A toddler curiously peeks into a grocery bag as his mother puts them in the trunk of their car

A Dietician’s Grocery List: What My Family Eats

It’s inevitable – as a registered dietitian nutritionist people are interested in what I eat. When I run into friends at the grocery store, I often get apologies for the less healthy items in their carts and sideways glances at what I have in mine. I like to remind them that I’m not the food police, and in addition to being a dietitian nutritionist, I’m also a wife, mother and human being. And I love food!

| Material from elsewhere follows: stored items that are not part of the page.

(* Let $k\ge 1$ and let $F(x)=\sum_{i=1}^k\alpha_i\,\sigma\!\left(\frac{x-\mu_i}{s_i}\right)$ be the cdf of a $k$-component mixture of logistics distribution, where $\sigma(t)=1/(1+e^{-t})$, $\alpha_i>0$ with $\sum_i\alpha_i=1$, $\mu_i\in\mathbb{R}$, $s_i>0$. Then there exist parameters $\theta$ of a two-layer PNN with hidden dimension $k$ such that, writing $N^{[A,B]}_\theta$ for the normalized PNN cdf with support bounds $[A,B]$, $$\sup_{x\in[A,B]}\bigl|N^{[A,B]}_\theta(x)-F(x)\bigr|\longrightarrow 0\quad\text{as } A\to-\infty,\ B\to\infty.$$
   Context: Let $\sigma(t)=1/(1+e^{-t})$. A two-layer PNN with hidden dimension $k$ is the function $F_\theta(x)=\sum_{i=1}^k\beta_i\,\sigma(w_i x+c_i)$ of $x\in\mathbb{R}$, with parameters $\theta$ consisting of $w_i>0$, $c_i\in\mathbb{R}$, and a probability vector $(\beta_1,\dots,\beta_k)$ with all $\beta_i>0$ (in the paper the positivity constraints are enforced by reparametrizing $w_i=e^{-A_i}$, $c_i=-e^{-A_i}b_i$ and $\beta=\mathrm{softmax}(\cdot)$). Given support bounds $A<B$, the normalized PNN cdf is $N^{[A,B]}_\theta(x)=\frac{F_\theta(x)-F_\theta(A)}{F_\theta(B)-F_\theta(A)}$ for $x\in[A,B]$. *)

theory Defs
  imports "HOL-Analysis.Analysis"
begin

definition sigmoid :: "real \<Rightarrow> real" where
  "sigmoid t = 1 / (1 + exp (- t))"

definition mix_logistic_cdf :: "nat \<Rightarrow> (nat \<Rightarrow> real) \<Rightarrow> (nat \<Rightarrow> real) \<Rightarrow> (nat \<Rightarrow> real) \<Rightarrow> real \<Rightarrow> real" where
  "mix_logistic_cdf k \<alpha> \<mu> s x = (\<Sum>i<k. \<alpha> i * sigmoid ((x - \<mu> i) / s i))"

definition pnn :: "nat \<Rightarrow> (nat \<Rightarrow> real) \<Rightarrow> (nat \<Rightarrow> real) \<Rightarrow> (nat \<Rightarrow> real) \<Rightarrow> real \<Rightarrow> real" where
  "pnn k w c \<beta> x = (\<Sum>i<k. \<beta> i * sigmoid (w i * x + c i))"

definition pnn_norm :: "nat \<Rightarrow> (nat \<Rightarrow> real) \<Rightarrow> (nat \<Rightarrow> real) \<Rightarrow> (nat \<Rightarrow> real) \<Rightarrow> real \<Rightarrow> real \<Rightarrow> real \<Rightarrow> real" where
  "pnn_norm k w c \<beta> A B x = (pnn k w c \<beta> x - pnn k w c \<beta> A) / (pnn k w c \<beta> B - pnn k w c \<beta> A)"

end

theory Submission
  imports Defs "HOL-Real_Asymp.Real_Asymp"
begin

text \<open>With \<open>w i = 1 / s i\<close>, \<open>c i = - \<mu> i / s i\<close> and \<open>\<beta> = \<alpha>\<close> the PNN is exactly the mixture
  cdf \<open>F\<close>. The normalized network \<open>(F x - F A) / (F B - F A)\<close> then differs from \<open>F x\<close> by at most
  \<open>(\<bar>1 - (F B - F A)\<bar> + F A) / (F B - F A)\<close> on \<open>[A, B]\<close>, uniformly in \<open>x\<close> because \<open>0 \<le> F \<le> 1\<close>,
  and this bound tends to \<open>0\<close> since \<open>F A \<rightarrow> 0\<close> and \<open>F B \<rightarrow> 1\<close>.\<close>

lemma sigmoid_pos: "0 < sigmoid t"
  unfolding sigmoid_def by (simp add: add_pos_pos)

lemma sigmoid_le_1: "sigmoid t \<le> 1"
  unfolding sigmoid_def by (simp add: divide_le_eq_1 add_pos_pos)

lemma tendsto_sigmoid_at_bot: "(sigmoid \<longlongrightarrow> 0) at_bot"
  unfolding sigmoid_def by real_asymp

lemma tendsto_sigmoid_at_top: "(sigmoid \<longlongrightarrow> 1) at_top"
  unfolding sigmoid_def by real_asymp

lemma filterlim_shift_scale_at_bot:
  fixes s :: real
  assumes "s > 0"
  shows "filterlim (\<lambda>x. (x - m) / s) at_bot at_bot"
  using assms by real_asymp

lemma filterlim_shift_scale_at_top:
  fixes s :: real
  assumes "s > 0"
  shows "filterlim (\<lambda>x. (x - m) / s) at_top at_top"
  using assms by real_asymp

lemma pnn_rescaled_eq_mix_logistic_cdf:
  assumes "\<forall>i<k. s i > 0"
  shows "pnn k (\<lambda>i. 1 / s i) (\<lambda>i. - \<mu> i / s i) \<alpha> x = mix_logistic_cdf k \<alpha> \<mu> s x"
  unfolding pnn_def mix_logistic_cdf_def
proof (rule sum.cong)
  fix i assume "i \<in> {..<k}"
  with assms have "s i > 0"
    by simp
  then have "1 / s i * x + - \<mu> i / s i = (x - \<mu> i) / s i"
    by (simp add: field_simps)
  then show "\<alpha> i * sigmoid (1 / s i * x + - \<mu> i / s i) = \<alpha> i * sigmoid ((x - \<mu> i) / s i)"
    by simp
qed simp

lemma mix_logistic_cdf_nonneg:
  assumes "\<forall>i<k. \<alpha> i > 0"
  shows "0 \<le> mix_logistic_cdf k \<alpha> \<mu> s x"
  unfolding mix_logistic_cdf_def using assms sigmoid_pos
  by (intro sum_nonneg) (simp add: less_imp_le)

lemma mix_logistic_cdf_le_1:
  assumes "\<forall>i<k. \<alpha> i > 0" and "(\<Sum>i<k. \<alpha> i) = 1"
  shows "mix_logistic_cdf k \<alpha> \<mu> s x \<le> 1"
proof -
  have "mix_logistic_cdf k \<alpha> \<mu> s x \<le> (\<Sum>i<k. \<alpha> i)"
    unfolding mix_logistic_cdf_def using assms(1) sigmoid_le_1
    by (intro sum_mono) (simp add: mult_left_le)
  with assms(2) show ?thesis by simp
qed

lemma tendsto_mix_logistic_cdf_at_bot:
  assumes "\<forall>i<k. s i > 0"
  shows "(mix_logistic_cdf k \<alpha> \<mu> s \<longlongrightarrow> 0) at_bot"
proof -
  have "((\<lambda>x. \<Sum>i<k. \<alpha> i * sigmoid ((x - \<mu> i) / s i)) \<longlongrightarrow> (\<Sum>i<k. \<alpha> i * 0)) at_bot"
  proof (intro tendsto_sum tendsto_mult tendsto_const)
    fix i assume "i \<in> {..<k}"
    with assms have "filterlim (\<lambda>x. (x - \<mu> i) / s i) at_bot at_bot"
      by (simp add: filterlim_shift_scale_at_bot)
    then show "((\<lambda>x. sigmoid ((x - \<mu> i) / s i)) \<longlongrightarrow> 0) at_bot"
      by (rule filterlim_compose[OF tendsto_sigmoid_at_bot])
  qed
  then show ?thesis
    unfolding mix_logistic_cdf_def by simp
qed

lemma tendsto_mix_logistic_cdf_at_top:
  assumes "\<forall>i<k. s i > 0" and "(\<Sum>i<k. \<alpha> i) = 1"
  shows "(mix_logistic_cdf k \<alpha> \<mu> s \<longlongrightarrow> 1) at_top"
proof -
  have "((\<lambda>x. \<Sum>i<k. \<alpha> i * sigmoid ((x - \<mu> i) / s i)) \<longlongrightarrow> (\<Sum>i<k. \<alpha> i * 1)) at_top"
  proof (intro tendsto_sum tendsto_mult tendsto_const)
    fix i assume "i \<in> {..<k}"
    with assms have "filterlim (\<lambda>x. (x - \<mu> i) / s i) at_top at_top"
      by (simp add: filterlim_shift_scale_at_top)
    then show "((\<lambda>x. sigmoid ((x - \<mu> i) / s i)) \<longlongrightarrow> 1) at_top"
      by (rule filterlim_compose[OF tendsto_sigmoid_at_top])
  qed
  with assms(2) show ?thesis
    unfolding mix_logistic_cdf_def by simp
qed

lemma normalized_diff_bound:
  fixes F :: "real \<Rightarrow> real"
  assumes "\<bar>F x\<bar> \<le> M" and "F B - F A > 0"
  shows "\<bar>(F x - F A) / (F B - F A) - F x\<bar>
           \<le> (M * \<bar>1 - (F B - F A)\<bar> + \<bar>F A\<bar>) / (F B - F A)"
proof -
  let ?D = "F B - F A"
  have "(F x - F A) / ?D - F x = (F x * (1 - ?D) - F A) / ?D"
    using assms(2) by (simp add: field_simps)
  then have "\<bar>(F x - F A) / ?D - F x\<bar> = \<bar>F x * (1 - ?D) - F A\<bar> / ?D"
    using assms(2) by simp
  also have "\<dots> \<le> (M * \<bar>1 - ?D\<bar> + \<bar>F A\<bar>) / ?D"
  proof (rule divide_right_mono)
    have "\<bar>F x * (1 - ?D)\<bar> \<le> M * \<bar>1 - ?D\<bar>"
      using assms(1) by (simp add: abs_mult mult_right_mono)
    then show "\<bar>F x * (1 - ?D) - F A\<bar> \<le> M * \<bar>1 - ?D\<bar> + \<bar>F A\<bar>"
      by linarith
  qed (use assms(2) in simp)
  finally show ?thesis .
qed

lemma tendsto_sup_normalized_diff:
  fixes F :: "real \<Rightarrow> real"
  assumes bounded: "\<And>x. \<bar>F x\<bar> \<le> M"
    and F_bot: "(F \<longlongrightarrow> 0) at_bot" and F_top: "(F \<longlongrightarrow> 1) at_top"
  shows "((\<lambda>(A, B). SUP x\<in>{A..B}. \<bar>(F x - F A) / (F B - F A) - F x\<bar>) \<longlongrightarrow> 0)
           (at_bot \<times>\<^sub>F at_top)"
proof -
  let ?P = "at_bot \<times>\<^sub>F at_top :: (real \<times> real) filter"
  let ?S = "\<lambda>(A, B). SUP x\<in>{A..B}. \<bar>(F x - F A) / (F B - F A) - F x\<bar>"
  define g where "g = (\<lambda>(A, B). (M * \<bar>1 - (F B - F A)\<bar> + \<bar>F A\<bar>) / (F B - F A))"
  have FA: "((\<lambda>p. F (fst p)) \<longlongrightarrow> 0) ?P"
    using filterlim_compose[OF F_bot filterlim_fst] .
  have FB: "((\<lambda>p. F (snd p)) \<longlongrightarrow> 1) ?P"
    using filterlim_compose[OF F_top filterlim_snd] .
  have "((\<lambda>p. g p) \<longlongrightarrow> (M * \<bar>1 - (1 - 0)\<bar> + \<bar>0\<bar>) / (1 - 0)) ?P"
    unfolding g_def case_prod_beta by (intro tendsto_intros FA FB) simp
  then have g_tendsto: "(g \<longlongrightarrow> 0) ?P"
    by simp
  have "eventually (\<lambda>p. F (snd p) - F (fst p) > 0) ?P"
    using tendsto_diff[OF FB FA] by (rule order_tendstoD) simp
  moreover have "eventually (\<lambda>p. fst p \<le> 0) ?P"
    using filterlim_at_bot filterlim_fst by blast
  moreover have "eventually (\<lambda>p. 0 \<le> snd p) ?P"
    using filterlim_at_top filterlim_snd by blast
  ultimately have "eventually (\<lambda>p. 0 \<le> ?S p \<and> ?S p \<le> g p) ?P"
  proof eventually_elim
    case (elim p)
    obtain A B where p: "p = (A, B)"
      by (cases p)
    from elim have D: "F B - F A > 0" and AB: "A \<le> B"
      by (auto simp: p)
    have bound: "\<bar>(F x - F A) / (F B - F A) - F x\<bar> \<le> g p" for x
      using normalized_diff_bound[of F x M B A, OF bounded D] by (simp add: g_def p)
    then have "bdd_above ((\<lambda>x. \<bar>(F x - F A) / (F B - F A) - F x\<bar>) ` {A..B})"
      by (intro bdd_aboveI2) blast
    then have "\<bar>(F A - F A) / (F B - F A) - F A\<bar>
                 \<le> (SUP x\<in>{A..B}. \<bar>(F x - F A) / (F B - F A) - F x\<bar>)"
      using AB by (intro cSUP_upper) auto
    moreover have "(SUP x\<in>{A..B}. \<bar>(F x - F A) / (F B - F A) - F x\<bar>) \<le> g p"
      using bound AB by (simp add: cSUP_least)
    ultimately show ?case
      by (simp add: p)
  qed
  then show ?thesis
    by (intro tendsto_sandwich[OF _ _ tendsto_const g_tendsto]) (auto elim: eventually_mono)
qed

theorem lemma4:
  fixes k :: nat and \<alpha> \<mu> s :: "nat \<Rightarrow> real"
  assumes "k \<ge> 1"
    and "\<forall>i<k. \<alpha> i > 0" and "(\<Sum>i<k. \<alpha> i) = 1"
    and "\<forall>i<k. s i > 0"
  shows "\<exists>w c \<beta> :: nat \<Rightarrow> real.
           (\<forall>i<k. w i > 0) \<and> (\<forall>i<k. \<beta> i > 0) \<and> (\<Sum>i<k. \<beta> i) = 1 \<and>
           ((\<lambda>(A, B). SUP x\<in>{A..B}. \<bar>pnn_norm k w c \<beta> A B x - mix_logistic_cdf k \<alpha> \<mu> s x\<bar>)
              \<longlongrightarrow> 0) (at_bot \<times>\<^sub>F at_top)"
proof (intro exI conjI)
  let ?F = "mix_logistic_cdf k \<alpha> \<mu> s"
  show "\<forall>i<k. 1 / s i > 0"
    using assms(4) by simp
  show "\<forall>i<k. \<alpha> i > 0" and "(\<Sum>i<k. \<alpha> i) = 1"
    by fact+
  have "\<bar>?F x\<bar> \<le> 1" for x
    using mix_logistic_cdf_nonneg[OF assms(2)] mix_logistic_cdf_le_1[OF assms(2,3)] by simp
  from tendsto_sup_normalized_diff[OF this tendsto_mix_logistic_cdf_at_bot[OF assms(4)]
      tendsto_mix_logistic_cdf_at_top[OF assms(4,3)]]
  show "((\<lambda>(A, B). SUP x\<in>{A..B}.
           \<bar>pnn_norm k (\<lambda>i. 1 / s i) (\<lambda>i. - \<mu> i / s i) \<alpha> A B x - ?F x\<bar>) \<longlongrightarrow> 0)
          (at_bot \<times>\<^sub>F at_top)"
    unfolding pnn_norm_def pnn_rescaled_eq_mix_logistic_cdf[OF assms(4)] .
qed

end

So how do I balance all of these things when I shop for groceries? Menu planning, as I discussed last month, is really key. I also consider nutrition, cost and what my family likes to eat (pleasing a 3- and 6-year-old isn’t always easy, and if they don’t eat it, it isn’t doing them any good!). One recommendation is to keep a fairly well-stocked kitchen so you never hear complaints about not having food in the house. Staying stocked on staples means I focus more on the fresh items on a weekly basis. Here is a snapshot of my typical grocery list and some relevant tips on cooking necessities, convenience and every child’s favorite request – “snacks”:

Dairy

  • Milk
  • Soy milk (my husband’s preference)
  • Greek yogurt (both plain and flavored varieties)
  • Kefir
  • Butter and buttery spread (I prefer the Smart Balance brand)
  • Cheese (parmesan, reduced fat cheddar and mozzarella)
  • Eggs (not a dairy product, but typically found in that section of the grocery store)

Grains

  • Whole wheat bread
  • Whole wheat tortillas
  • Whole grain crackers
  • Rice (sometimes I substitute freekeh or quinoa)
  • Oatmeal
  • Whole grain cereal (my children love Cheerios!)

Fruits and Vegetables

  • Fresh fruit (I usually keep 4-5 different types on hand each week)
  • Fresh vegetables (usually carrots, salad greens, onions, sweet potatoes and whatever else I might be cooking that week that is in season or looks good)
  • Frozen fruit (I always have frozen berries in the freezer)
  • Frozen vegetables (I always keep my freezer well-stocked with at least 5 different ones)
  • 100% fruit juice

Protein

Depending on my menu plan, I buy a variety of lean cuts of beef, chicken, turkey and pork every week as well as fish and shellfish. I also keep a good bit in the freezer. I cook at least one vegetarian entrée every week, typically using beans, lentils or tofu.

Baking/Cooking Needs

I keep my pantry stocked with a wide variety of baking ingredients and cooking items. I use white whole wheat flour almost exclusively in all of my baking, though I do keep some all-purpose flour around for occasional use. For sweeteners, I use sugar, light brown sugar, maple syrup and honey, depending on the recipe and the taste profile I want. For cooking oil, I primarily use extra virgin olive oil or canola oil. I also keep a slew of dried herbs and seasonings on hand, including vinegars (name it, I probably have it in my cabinet) and Asian sauces (reduced sodium soy, oyster, hoisin and fish sauce to name a few).

Convenience Items

There are definitely some convenience products I can’t live without. As I mentioned, I keep lots of frozen fruits and vegetables in my freezer. I buy big jars of minced garlic from my warehouse club because we use so much of it. For canned items, we generally have a variety of tomato products, canned pumpkin, beans, coconut milk and a few cans of soup in stock. I also use dried whole grain pasta and jarred pasta sauce.

Snack Foods

Snack foods generally include nuts, seeds, peanut butter and dried fruit (raisins, cranberries and apricots are my family’s favorites). Of course if my husband is doing the grocery shopping, a bag of chips is likely to be found in the pantry. We also have one small bin of candy (and of course chocolate) in our pantry for the occasional treat.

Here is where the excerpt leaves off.